1. Remove the 'regulation of' from the name and run semantic similarity between GO and LLM names
2. pick the highest semantic similarity GO term 
3. plot the llm JI vs GO JI plot with colored by semantic similarity 

## Trim names

In [2]:
input_file = 'data/omics_revamped_LLM_gprofiler_new_gene_name_DF.tsv'
input_df = pd.read_csv(input_file, sep='\t')

# find cases where there is regulation of
example_df = input_df.loc[(input_df['Term'].str.contains('regulation of', flags=re.IGNORECASE, regex=True))&(input_df['LLM Name'].str.contains('regulation of', flags=re.IGNORECASE, regex=True))]
print(example_df.shape)
example_df

In [38]:
import re
def remove_regulation_of(text):
    text = text.lower()
    # Define the regular expression pattern
    pattern = r'.*regulation of '
    # # find if match 
    # match = re.match(pattern, text)
    # Substitute the matched pattern with an empty string
    result = re.sub(pattern, '', text)
    return result


def iter_df_trim_name(row):
    trim_GO_term = remove_regulation_of(row['Term'])
    
    llm_name = row['LLM Name'].split('and')
    if len(llm_name) > 1:
        split_name = []
        for name in llm_name:
            trim_llm_name = remove_regulation_of(name)
            split_name.append(trim_llm_name)
        return ' and '.join(split_name), trim_GO_term
    else:
        trim_llm_name = remove_regulation_of(row['LLM Name'])
    # trim_llm_name = remove_regulation_of(row['LLM Name'])
   
    return trim_llm_name, trim_GO_term
# Example usage
# example_string = "This is a test string with Regulation of Gene Expression"
# cleaned_string = remove_regulation_of(example_string)
# print(cleaned_string)  # Output: "gene expression"

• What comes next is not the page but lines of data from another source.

text \<open>
  With the \<open>\<ell>\<^sup>1\<close> distance the observable space is complete, so \<open>O(\<cdot>, D)\<close> has a unique
  fixed point by Banach's theorem, and the Lipschitz bound gives
  \<open>\<parallel>x - y\<parallel>\<^sub>1 \<le> C\<^sub>d a\<^sup>\<alpha> / (1 - C\<^sub>s)\<close> for the steady states \<open>x\<close>, \<open>y\<close> under \<open>D\<close> and \<open>D + A\<close>.
  At a node \<open>u \<noteq> v\<close> the two demands agree, so by locality \<open>x\<^sub>u - y\<^sub>u\<close> is the \<open>u\<close>-component
  of \<open>O(x, D) - O(z, D)\<close>, where \<open>z\<close> agrees with \<open>y\<close> on the closed neighbourhood of \<open>u\<close> and
  with \<open>x\<close> elsewhere. Hence \<open>|x\<^sub>u - y\<^sub>u|\<close> is at most \<open>C\<^sub>s\<close> times the sum of at most
  \<open>deg G + 1\<close> differences at nodes one step closer to \<open>v\<close>, and induction on the distance
  from \<open>v\<close> produces the factor \<open>(C\<^sub>s (deg G + 1))\<^sup>k\<close>, which forces the difference to vanish
  at nodes not connected to \<open>v\<close>.
\<close>

lemma l1norm_nonneg: "0 \<le> l1norm (x :: 'v::finite \<Rightarrow> real)"
  unfolding l1norm_def by (simp add: sum_nonneg)

lemma abs_le_l1norm: "\<bar>x u\<bar> \<le> l1norm (x :: 'v::finite \<Rightarrow> real)"
  unfolding l1norm_def by (rule member_le_sum) auto
text \<open>Coalition value v on the validation set Q, for local candidate models y j.\<close>
definition coal_val :: "'s set \<Rightarrow> ('s \<Rightarrow> 'x::real_vector \<Rightarrow> real) \<Rightarrow> (nat \<Rightarrow> 'x) \<Rightarrow> nat set \<Rightarrow> real" where
  "coal_val Q J y S =
     (if S = {} then 0
      else (\<Sum>q\<in>Q. J q ((1 / real (card S)) *\<^sub>R (\<Sum>j\<in>S. y j))) / real (card Q))"

definition shapley :: "(nat set \<Rightarrow> real) \<Rightarrow> nat set \<Rightarrow> nat \<Rightarrow> real" where
  "shapley v A j =
     (\<Sum>S\<in>Pow (A - {j}). (v (S \<union> {j}) - v S) /
         (real (card A) * real ((card A - 1) choose (card S))))"

text \<open>Aggregated gradient of agent i in a round: x is the vector of models
  x^{[t-1]}, smp j is the sample xi_{j,t} of agent j in this round.\<close>
definition ross_gbar ::
  "nat \<Rightarrow> (nat \<Rightarrow> nat \<Rightarrow> real) \<Rightarrow> real \<Rightarrow> ('x::euclidean_space \<Rightarrow> 's \<Rightarrow> 'x) \<Rightarrow>
   's set \<Rightarrow> ('s \<Rightarrow> 'x \<Rightarrow> real) \<Rightarrow> (nat \<Rightarrow> 'x) \<Rightarrow> (nat \<Rightarrow> 's) \<Rightarrow> nat \<Rightarrow> 'x" where
  "ross_gbar N W \<gamma> gradF Q J x smp i =
    (let A = alg_nbhd N W i;
         g = (\<lambda>j. gradF (x i) (smp j));
         y = (\<lambda>j. x i - \<gamma> *\<^sub>R g j);
         \<phi> = shapley (coal_val Q J y) A;
         \<phi>h = (\<lambda>j. (\<phi> j - Min (\<phi> ` A)) / (Max (\<phi> ` A) - Min (\<phi> ` A)));
         \<pi> = (\<lambda>j. \<phi>h j / (W i j * (\<Sum>k\<in>A. \<phi>h k)))
     in \<Sum>j\<in>A. \<pi> j *\<^sub>R g j)"

definition ross_step ::
  "nat \<Rightarrow> (nat \<Rightarrow> nat \<Rightarrow> real) \<Rightarrow> real \<Rightarrow> real \<Rightarrow> ('x::euclidean_space \<Rightarrow> 's \<Rightarrow> 'x) \<Rightarrow>
   's set \<Rightarrow> ('s \<Rightarrow> 'x \<Rightarrow> real) \<Rightarrow> (nat \<Rightarrow> 's) \<Rightarrow> (nat \<Rightarrow> 'x) \<times> (nat \<Rightarrow> 'x) \<Rightarrow>
   (nat \<Rightarrow> 'x) \<times> (nat \<Rightarrow> 'x)" where
  "ross_step N W \<gamma> \<alpha> gradF Q J smp xu =
    (let x = fst xu; u = snd xu;
         gb = ross_gbar N W \<gamma> gradF Q J x smp;
         uh = (\<lambda>i. \<alpha> *\<^sub>R u i + gb i);
         xh = (\<lambda>i. x i - \<gamma> *\<^sub>R uh i)
     in ((\<lambda>i. \<Sum>j\<in>alg_nbhd N W i. W i j *\<^sub>R xh j),
         (\<lambda>i. \<Sum>j\<in>alg_nbhd N W i. W i j *\<^sub>R uh j)))"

# Apply the function to the 'Term' column
example_df[['trimed LLM Name','trimed Term']] = input_df.apply(lambda row: iter_df_trim_name(row), axis=1, result_type='expand')
example_df [['LLM Name', 'Term','trimed LLM Name','trimed Term']].sample(10)

In [27]:
# run on the input 
input_df[['trimed LLM Name','trimed Term']] = input_df.apply(lambda row: iter_df_trim_name(row), axis=1, result_type='expand')
input_df.to_csv('data/omics_revamped_LLM_gprofiler_new_gene_name_DF_trimed_name.tsv', sep='\t', index=False)

In [33]:
from semanticSimFunctions import getNameSimilarities_no_repeat
from transformers import AutoTokenizer, AutoModel
%reload_ext autoreload
%autoreload 2
SapBERT_tokenizer = AutoTokenizer.from_pretrained('cambridgeltl/SapBERT-from-PubMedBERT-fulltext')
SapBERT_model = AutoModel.from_pretrained('cambridgeltl/SapBERT-from-PubMedBERT-fulltext')

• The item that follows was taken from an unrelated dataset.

(* Let $Y=\bigcap_{n\in\omega}U_n$, where each $U_n$ is an open $\pi$-dense subset of the Baire space $\mathcal N=(\omega^\omega,\tau_{\mathcal N})$. Then there is a Baire foliage tree on $Y$ (with the subspace topology from $\mathcal N$) that shoots into the standard foliage tree $\mathbf S$.
   Context: A tree is a pair $(Q,<)$ with $<$ irreflexive transitive such that every set of predecessors $\{v:v<x\}$ is well-ordered; $\mathrm{sons}(x)$ = set of immediate successors of $x$; a branch is an inclusion-maximal chain. A foliage tree is $\mathbf F=(\mathcal T,l)$ with $\mathcal T$ a tree (skeleton) and $\mathbf F_x=l(x)$ the leaf at node $x$. The standard foliage tree $\mathbf S$ has skeleton $(\omega^{<\omega},\subsetneq)$ and leaves $\mathbf S_x=\{p\in\omega^\omega:x\subseteq p\}$. $A\subseteq\omega^\omega$ is $\pi$-dense in the Baire space iff for every $y\in\omega^{<\omega}$ infinitely many $n$ satisfy $\mathbf S_{y^\frown\langle n\rangle}\subseteq A$. $\mathrm{fruit}_{\mathbf F}(A)=\bigcap_{x\in A}\mathbf F_x$; $\mathrm{flesh}\,\mathbf F=\bigcup_x\mathbf F_x$; $\mathrm{shoot}_{\mathbf F}(z)=\{\bigcup_{s\in C}\mathbf F_s: C$ cofinite subset of $\mathrm{sons}(z)\}$; $\mathrm{scope}_{\mathbf F}(p)=\{y:p\in\mathbf F_y\}$; for families $\gamma,\delta$, $\gamma\gg\delta$ means every nonempty $D\in\delta$ contains some nonempty $G\in\gamma$. A Baire foliage tree on a space $X$ is a foliage tree whose skeleton is isomorphic to $(\omega^{<\omega},\subsetneq)$, all of whose leaves are open in $X$, which is locally strict (for every non-maximal node $x$, $\mathbf F_x$ is the union of the pairwise disjoint family $(\mathbf F_s)_{s\in\mathrm{sons}(x)}$), has strict branches (it has a node and $\mathrm{fruit}_{\mathbf F}(B)$ is a singleton for every branch $B$), and whose leaf at its least node equals $X$. A foliage tree $\mathbf H$ shoots into a foliage tree $\mathbf F$ iff for every $p\in\mathrm{flesh}\,\mathbf H$ and every $y\in\mathrm{scope}_{\mathbf F}(p)$ there is $x\in\mathrm{scope}_{\mathbf H}(p)$ with $\mathrm{shoot}_{\mathbf H}(x)\gg\mathrm{shoot}_{\mathbf F}(y)$. *)

theory Defs
  imports "HOL-Analysis.Analysis" "HOL-Library.Sublist" "HOL-Library.Disjoint_Sets"
begin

## test run with 10 examples

new_sim_df, llm_emb_dict, go_emb_dict = getNameSimilarities_no_repeat(example_sim_df, 'trimed LLM Name', 'trimed Term',SapBERT_tokenizer, SapBERT_model, llm_name_embedding_dict = {},go_term_embedding_dict = {}, simMetric = 'cosine_similarity', epsilon= 0.05)


## run semantic similarity in the command line (using the same environment) 

python run_omics_sem_sim.py --inputFile data/omics_revamped_LLM_gprofiler_new_gene_name_DF_trimed_name.tsv --nameCol1 'trimed LLM Name' --nameCol2 'trimed Term'


Note:
- will save the embeddings for all LLM names and GO term name as separate files 


## find the highest semantic similar GO among the ones that are significant 

In [3]:
import pandas as pd
sim_val_file = 'data/omics_revamped_LLM_gprofiler_new_gene_name_DF_trimed_name_simVals_DF.tsv'
sim_val_df = pd.read_csv(sim_val_file, sep='\t')
print(sim_val_df.shape)
sim_val_df.head()

In [4]:
adj_pval_thresh = 0.05
llm_confidence_thresh = 0.1

llm_conf_field = 'Score'
go_pval_field = 'Adjusted P-value'

both_named = sim_val_df[(sim_val_df[llm_conf_field] >= llm_confidence_thresh)&(sim_val_df[go_pval_field] <= adj_pval_thresh)]

print(both_named.shape)
print(both_named['GeneSetID'].nunique())

In [5]:
from utils.analyze_enrichment_utils import cal_JI_coverage
def get_max_semantic_sim(df):
    return df.loc[df['LLM_name_GO_term_sim'].idxmax()]
group_col = ["Source", "GeneSetID", "GeneSetName", "GeneList"] # group by these columns in future steps
grouped_df = both_named.groupby(group_col)

max_semantic_sim_df = grouped_df.apply(get_max_semantic_sim).reset_index(drop = True)

max_semantic_sim_df  = cal_JI_coverage(max_semantic_sim_df)

# merge the LLM supporting genes and JI 

max_semantic_sim_df[[ 'n_Genes', 'GeneList', 'LLM Name', 'Term','Adjusted P-value', 'intersection_size', 'term_size', 'trimed LLM Name', 'trimed Term',
       'LLM_name_GO_term_sim', 'gprofiler_JI']].head(10)

In [17]:
## load the LLM coverage and JI data as a common df to merge
llm_coverage_df = pd.read_csv("data/omics_revamped_LLM_genecounts_DF.tsv", sep="\t")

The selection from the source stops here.